• ABOUT THIS EXERCISE:
Copy each line of the entries that includes the word "ultimately".

BEGIN DATA EXTRACT

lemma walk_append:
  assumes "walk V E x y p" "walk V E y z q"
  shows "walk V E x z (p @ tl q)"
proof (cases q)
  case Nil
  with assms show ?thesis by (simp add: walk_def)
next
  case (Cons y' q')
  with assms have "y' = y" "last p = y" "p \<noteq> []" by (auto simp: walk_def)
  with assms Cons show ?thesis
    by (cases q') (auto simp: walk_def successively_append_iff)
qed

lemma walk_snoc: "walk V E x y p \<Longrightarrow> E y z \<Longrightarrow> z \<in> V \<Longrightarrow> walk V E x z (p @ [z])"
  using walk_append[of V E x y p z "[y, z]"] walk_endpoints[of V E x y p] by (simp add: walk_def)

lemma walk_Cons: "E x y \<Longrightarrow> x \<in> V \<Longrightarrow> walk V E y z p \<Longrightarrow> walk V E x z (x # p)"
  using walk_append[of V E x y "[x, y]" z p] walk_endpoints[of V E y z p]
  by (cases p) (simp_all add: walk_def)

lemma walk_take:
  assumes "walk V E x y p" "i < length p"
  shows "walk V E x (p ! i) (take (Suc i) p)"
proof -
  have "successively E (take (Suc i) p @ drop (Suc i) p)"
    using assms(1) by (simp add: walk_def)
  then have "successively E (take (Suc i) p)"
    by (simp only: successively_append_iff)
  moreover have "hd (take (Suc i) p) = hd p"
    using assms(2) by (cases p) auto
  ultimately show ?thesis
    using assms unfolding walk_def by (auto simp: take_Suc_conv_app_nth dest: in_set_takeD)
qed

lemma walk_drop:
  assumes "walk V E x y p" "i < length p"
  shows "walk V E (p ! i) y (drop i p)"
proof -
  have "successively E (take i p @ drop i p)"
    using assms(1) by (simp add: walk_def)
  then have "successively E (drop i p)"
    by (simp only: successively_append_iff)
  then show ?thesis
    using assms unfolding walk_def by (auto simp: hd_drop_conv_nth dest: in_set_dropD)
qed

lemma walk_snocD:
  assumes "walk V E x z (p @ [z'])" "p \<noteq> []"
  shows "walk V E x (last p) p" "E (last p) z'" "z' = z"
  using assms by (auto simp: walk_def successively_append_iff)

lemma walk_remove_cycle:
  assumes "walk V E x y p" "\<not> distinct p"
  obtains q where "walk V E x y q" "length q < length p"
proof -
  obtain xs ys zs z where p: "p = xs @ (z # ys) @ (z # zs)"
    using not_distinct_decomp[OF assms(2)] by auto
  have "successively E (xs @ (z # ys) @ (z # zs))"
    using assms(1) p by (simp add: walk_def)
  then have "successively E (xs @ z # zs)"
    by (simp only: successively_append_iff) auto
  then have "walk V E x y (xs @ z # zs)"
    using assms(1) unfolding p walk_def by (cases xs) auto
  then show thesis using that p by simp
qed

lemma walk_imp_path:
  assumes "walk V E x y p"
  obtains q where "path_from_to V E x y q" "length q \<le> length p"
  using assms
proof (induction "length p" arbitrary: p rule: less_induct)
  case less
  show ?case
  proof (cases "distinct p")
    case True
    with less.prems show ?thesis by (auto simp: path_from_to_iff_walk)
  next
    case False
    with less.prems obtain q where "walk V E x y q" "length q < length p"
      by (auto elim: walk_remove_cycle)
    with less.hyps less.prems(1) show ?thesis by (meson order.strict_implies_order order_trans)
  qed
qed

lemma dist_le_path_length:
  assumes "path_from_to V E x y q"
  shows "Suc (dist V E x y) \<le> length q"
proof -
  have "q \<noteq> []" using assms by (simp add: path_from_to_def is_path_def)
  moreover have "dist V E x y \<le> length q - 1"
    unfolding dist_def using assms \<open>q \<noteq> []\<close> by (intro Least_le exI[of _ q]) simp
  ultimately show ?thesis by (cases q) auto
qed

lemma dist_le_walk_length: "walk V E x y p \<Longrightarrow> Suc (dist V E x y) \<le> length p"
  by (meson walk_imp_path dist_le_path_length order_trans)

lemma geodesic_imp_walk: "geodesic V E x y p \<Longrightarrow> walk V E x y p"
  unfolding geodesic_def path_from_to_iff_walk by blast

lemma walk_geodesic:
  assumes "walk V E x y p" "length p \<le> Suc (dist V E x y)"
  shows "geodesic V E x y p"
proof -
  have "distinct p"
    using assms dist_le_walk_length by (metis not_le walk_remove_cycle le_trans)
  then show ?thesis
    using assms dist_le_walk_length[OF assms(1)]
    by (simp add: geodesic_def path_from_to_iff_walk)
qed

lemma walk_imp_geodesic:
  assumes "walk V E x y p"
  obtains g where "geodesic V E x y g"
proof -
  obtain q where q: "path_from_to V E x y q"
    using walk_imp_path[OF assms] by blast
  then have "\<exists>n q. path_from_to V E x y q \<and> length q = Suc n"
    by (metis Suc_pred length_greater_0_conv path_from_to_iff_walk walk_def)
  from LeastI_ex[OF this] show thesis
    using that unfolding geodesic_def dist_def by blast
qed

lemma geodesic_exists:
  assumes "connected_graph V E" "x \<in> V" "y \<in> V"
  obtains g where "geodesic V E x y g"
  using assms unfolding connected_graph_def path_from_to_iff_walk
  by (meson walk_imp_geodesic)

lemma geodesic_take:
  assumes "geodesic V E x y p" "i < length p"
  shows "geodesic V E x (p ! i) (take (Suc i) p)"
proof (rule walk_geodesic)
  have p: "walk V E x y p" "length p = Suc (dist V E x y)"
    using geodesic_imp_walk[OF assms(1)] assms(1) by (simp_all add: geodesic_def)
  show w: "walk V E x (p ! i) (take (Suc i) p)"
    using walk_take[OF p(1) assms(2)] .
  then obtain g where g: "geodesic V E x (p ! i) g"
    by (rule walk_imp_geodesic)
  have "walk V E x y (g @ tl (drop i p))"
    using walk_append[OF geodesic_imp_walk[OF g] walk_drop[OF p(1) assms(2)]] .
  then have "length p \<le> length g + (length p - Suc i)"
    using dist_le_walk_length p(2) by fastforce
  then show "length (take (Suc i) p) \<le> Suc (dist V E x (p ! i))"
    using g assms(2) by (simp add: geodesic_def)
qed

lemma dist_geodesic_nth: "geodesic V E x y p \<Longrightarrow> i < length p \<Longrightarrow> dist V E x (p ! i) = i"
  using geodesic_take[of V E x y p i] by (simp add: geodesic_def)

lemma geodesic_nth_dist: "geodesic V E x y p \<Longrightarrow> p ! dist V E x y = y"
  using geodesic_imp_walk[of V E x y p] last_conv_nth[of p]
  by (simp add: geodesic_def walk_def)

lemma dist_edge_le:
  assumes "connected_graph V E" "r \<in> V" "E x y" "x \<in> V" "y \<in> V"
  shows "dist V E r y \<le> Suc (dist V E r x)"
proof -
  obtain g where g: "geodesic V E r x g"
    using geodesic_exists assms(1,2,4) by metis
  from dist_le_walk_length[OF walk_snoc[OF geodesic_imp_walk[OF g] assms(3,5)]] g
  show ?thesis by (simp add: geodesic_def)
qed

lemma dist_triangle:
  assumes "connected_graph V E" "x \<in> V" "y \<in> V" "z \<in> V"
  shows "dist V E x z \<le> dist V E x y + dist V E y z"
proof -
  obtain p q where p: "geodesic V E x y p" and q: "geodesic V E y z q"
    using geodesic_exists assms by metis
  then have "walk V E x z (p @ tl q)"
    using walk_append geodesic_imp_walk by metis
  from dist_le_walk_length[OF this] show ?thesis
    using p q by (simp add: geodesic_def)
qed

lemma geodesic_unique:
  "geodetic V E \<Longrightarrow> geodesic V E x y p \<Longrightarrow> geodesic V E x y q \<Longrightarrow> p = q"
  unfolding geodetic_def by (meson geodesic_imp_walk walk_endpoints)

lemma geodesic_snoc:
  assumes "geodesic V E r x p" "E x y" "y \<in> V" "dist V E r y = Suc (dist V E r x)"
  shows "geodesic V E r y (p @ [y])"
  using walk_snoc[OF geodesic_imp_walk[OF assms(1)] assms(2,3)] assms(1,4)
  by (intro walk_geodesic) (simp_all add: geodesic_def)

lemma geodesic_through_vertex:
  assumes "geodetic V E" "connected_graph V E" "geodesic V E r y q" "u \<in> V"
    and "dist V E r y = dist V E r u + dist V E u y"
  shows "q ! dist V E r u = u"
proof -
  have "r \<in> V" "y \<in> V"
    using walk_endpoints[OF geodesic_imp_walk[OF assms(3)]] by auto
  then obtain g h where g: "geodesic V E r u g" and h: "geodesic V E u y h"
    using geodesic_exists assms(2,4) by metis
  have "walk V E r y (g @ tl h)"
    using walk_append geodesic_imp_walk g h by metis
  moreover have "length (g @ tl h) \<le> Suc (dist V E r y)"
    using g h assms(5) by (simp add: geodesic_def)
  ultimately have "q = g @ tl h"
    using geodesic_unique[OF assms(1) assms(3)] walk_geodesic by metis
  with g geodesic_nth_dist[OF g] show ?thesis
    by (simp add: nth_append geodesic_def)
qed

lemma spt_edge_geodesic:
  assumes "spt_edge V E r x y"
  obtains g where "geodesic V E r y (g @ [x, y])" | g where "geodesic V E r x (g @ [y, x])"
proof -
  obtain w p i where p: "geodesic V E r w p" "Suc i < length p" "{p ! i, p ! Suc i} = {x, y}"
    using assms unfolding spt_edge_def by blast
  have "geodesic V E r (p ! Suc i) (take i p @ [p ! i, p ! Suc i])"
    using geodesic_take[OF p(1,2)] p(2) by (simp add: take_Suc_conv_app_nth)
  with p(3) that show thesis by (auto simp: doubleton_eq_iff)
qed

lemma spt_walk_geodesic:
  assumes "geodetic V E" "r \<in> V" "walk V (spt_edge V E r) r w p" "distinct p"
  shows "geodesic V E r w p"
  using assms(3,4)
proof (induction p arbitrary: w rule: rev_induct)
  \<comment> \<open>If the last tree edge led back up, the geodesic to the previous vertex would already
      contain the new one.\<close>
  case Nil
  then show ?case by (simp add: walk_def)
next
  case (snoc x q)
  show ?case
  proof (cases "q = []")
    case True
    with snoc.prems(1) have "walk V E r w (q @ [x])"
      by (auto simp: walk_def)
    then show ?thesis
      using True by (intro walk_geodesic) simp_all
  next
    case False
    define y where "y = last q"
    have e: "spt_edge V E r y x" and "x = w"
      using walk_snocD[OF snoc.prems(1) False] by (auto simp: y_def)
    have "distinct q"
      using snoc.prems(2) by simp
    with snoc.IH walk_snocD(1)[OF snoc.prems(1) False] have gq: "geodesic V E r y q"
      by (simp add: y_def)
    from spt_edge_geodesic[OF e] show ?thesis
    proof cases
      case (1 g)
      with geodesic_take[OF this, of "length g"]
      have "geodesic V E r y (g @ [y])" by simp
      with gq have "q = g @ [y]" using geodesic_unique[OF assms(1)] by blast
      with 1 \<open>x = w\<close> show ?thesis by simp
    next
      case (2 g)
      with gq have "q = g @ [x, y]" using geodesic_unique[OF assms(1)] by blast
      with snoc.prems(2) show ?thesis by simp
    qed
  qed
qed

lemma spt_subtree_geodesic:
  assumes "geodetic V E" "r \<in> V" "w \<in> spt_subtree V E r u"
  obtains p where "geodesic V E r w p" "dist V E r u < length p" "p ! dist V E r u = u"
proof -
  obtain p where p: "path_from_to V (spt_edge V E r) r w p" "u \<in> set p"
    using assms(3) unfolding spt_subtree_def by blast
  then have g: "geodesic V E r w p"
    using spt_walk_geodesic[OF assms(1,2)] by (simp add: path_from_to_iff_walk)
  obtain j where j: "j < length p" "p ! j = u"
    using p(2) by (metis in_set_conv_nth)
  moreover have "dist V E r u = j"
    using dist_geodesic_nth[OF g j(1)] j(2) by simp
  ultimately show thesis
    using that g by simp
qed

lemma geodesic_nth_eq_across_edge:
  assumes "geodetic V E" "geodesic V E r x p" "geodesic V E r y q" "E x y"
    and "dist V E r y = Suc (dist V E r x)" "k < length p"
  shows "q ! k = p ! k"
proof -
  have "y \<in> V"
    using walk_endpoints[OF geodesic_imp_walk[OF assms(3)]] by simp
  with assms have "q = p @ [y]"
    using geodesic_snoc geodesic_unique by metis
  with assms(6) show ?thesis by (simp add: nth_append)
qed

END DATA EXTRACT

• TASK RESPONSE:
  ultimately show ?thesis
  ultimately show ?thesis by (cases q) auto
  ultimately have "q = g @ tl h"
  ultimately show thesis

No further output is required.